From 3a101795429659be9fb540f31317dfe14e362045 Mon Sep 17 00:00:00 2001
From: 雾聪 <wucong.lyb@alibaba-inc.com>
Date: 星期二, 29 十月 2024 11:40:27 +0800
Subject: [PATCH] Merge branch 'main' of https://github.com/alibaba-damo-academy/FunASR into main

---
 funasr/models/fsmn_vad_streaming/model.py |   46 +++++++++++++++++++++++-----------------------
 1 files changed, 23 insertions(+), 23 deletions(-)
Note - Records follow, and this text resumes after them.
lemma unif_expect_prod_entries_le:
  assumes "set es \<subseteq> {..<M} \<times> {..<N}" and "length es \<le> 4" and "8 \<le> N"
    and "N \<le> M" and "M * db = N * dw" and "2 * k \<le> vertex_count (set es) + 1"
  shows "unif_expect M N db dw (\<lambda>A. \<Prod>(x, y)\<leftarrow>es. entry A x y) \<le> 16 * (real db / real N) ^ k"
proof -
  have "k \<le> 4"
    using vertex_count_le[of "set es"] card_length[of es] assms(2,6) by simp
  have "2 * card (set es) \<le> N"
    using card_length[of es] assms(2,3) by linarith
  then have "unif_expect M N db dw (\<lambda>A. \<Prod>(x, y)\<leftarrow>es. entry A x y) \<le> 2 ^ k * (real db / real N) ^ k"
    using unif_expect_contains_edges_le[of "set es"] assms by (simp add: prod_entry_eq_of_bool)
  also have "\<dots> \<le> 16 * (real db / real N) ^ k"
    using power_increasing[OF \<open>k \<le> 4\<close>, of "2::real"] by (intro mult_right_mono) simp_all
  finally show ?thesis .
qed

theorem mainTheorem10:
  fixes alpha c0 :: real
  assumes "alpha \<ge> 1" and "c0 > 0"
  shows "\<exists>C::real. \<exists>N0::nat. \<forall>N M db dw :: nat.
     (N \<ge> N0 \<and> real M = alpha * real N \<and> M * db = N * dw \<and> db > 0 \<and> dw > 0
      \<and> real N powr c0 \<le> real db \<and> real db \<le> real N powr (2/3 - c0)) \<longrightarrow>
     (\<forall>i m j n :: nat. i < M \<and> m < M \<and> j < N \<and> n < N \<longrightarrow>
        unif_expect M N db dw (\<lambda>A. entry A i j * entry A m n)
          \<le> C * (real db / real N) ^ (2 - (4 - (card {i, m} + card {j, n})) div 2))
     \<and> (\<forall>i m k p j n l q :: nat.
          i < M \<and> m < M \<and> k < M \<and> p < M \<and> j < N \<and> n < N \<and> l < N \<and> q < N \<longrightarrow>
        unif_expect M N db dw (\<lambda>A. entry A i j * entry A m n * entry A k l * entry A p q)
          \<le> C * (real db / real N) ^ (4 - (8 - (card {i, m, k, p} + card {j, n, l, q})) div 2))"
proof (intro exI allI impI conjI)
  fix N M db dw :: nat
  assume H: "N \<ge> 8 \<and> real M = alpha * real N \<and> M * db = N * dw \<and> db > 0 \<and> dw > 0
      \<and> real N powr c0 \<le> real db \<and> real db \<le> real N powr (2/3 - c0)"
  then have N8: "8 \<le> N" and deg: "M * db = N * dw" and "real N \<le> real M"
    using assms(1) mult_right_mono[of 1 alpha "real N"] by auto
  then have MN: "N \<le> M" by simp
  fix i m j n :: nat
  have two_edges: "2 * (2 - (4 - v) div 2) \<le> v + 1" for v :: nat
    by presburger
  show "unif_expect M N db dw (\<lambda>A. entry A i j * entry A m n)
      \<le> 16 * (real db / real N) ^ (2 - (4 - (card {i, m} + card {j, n})) div 2)"
    if "i < M \<and> m < M \<and> j < N \<and> n < N"
    using unif_expect_prod_entries_le[OF _ _ N8 MN deg, of "[(i, j), (m, n)]"] that
      two_edges[of "card {i, m} + card {j, n}"]
    by (simp add: vertex_count_def)
  fix k p l q :: nat
  have four_edges: "2 * (4 - (8 - v) div 2) \<le> v + 1" for v :: nat
    by presburger
  show "unif_expect M N db dw (\<lambda>A. entry A i j * entry A m n * entry A k l * entry A p q)
      \<le> 16 * (real db / real N) ^ (4 - (8 - (card {i, m, k, p} + card {j, n, l, q})) div 2)"
    if "i < M \<and> m < M \<and> k < M \<and> p < M \<and> j < N \<and> n < N \<and> l < N \<and> q < N"
    using unif_expect_prod_entries_le[OF _ _ N8 MN deg, of "[(i, j), (m, n), (k, l), (p, q)]"] that
      four_edges[of "card {i, m, k, p} + card {j, n, l, q}"]
    by (simp add: vertex_count_def mult.assoc)
qed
diff --git a/funasr/models/fsmn_vad_streaming/model.py b/funasr/models/fsmn_vad_streaming/model.py
index 04689be..bfffca8 100644
--- a/funasr/models/fsmn_vad_streaming/model.py
+++ b/funasr/models/fsmn_vad_streaming/model.py
@@ -8,6 +8,7 @@
 import time
 import math
 import torch
+import numpy as np
 from torch import nn
 from enum import Enum
 from dataclasses import dataclass
@@ -334,18 +335,17 @@
             cache["stats"].data_buf_all = torch.cat(
                 (cache["stats"].data_buf_all, cache["stats"].waveform[0])
             )
-        for offset in range(
-            0, cache["stats"].waveform.shape[1] - frame_sample_length + 1, frame_shift_length
-        ):
-            cache["stats"].decibel.append(
-                10
-                * math.log10(
-                    (cache["stats"].waveform[0][offset : offset + frame_sample_length])
-                    .square()
-                    .sum()
-                    + 0.000001
-                )
-            )
+            
+        waveform_numpy = cache["stats"].waveform.numpy()
+
+        offsets = np.arange(0, waveform_numpy.shape[1] - frame_sample_length + 1, frame_shift_length)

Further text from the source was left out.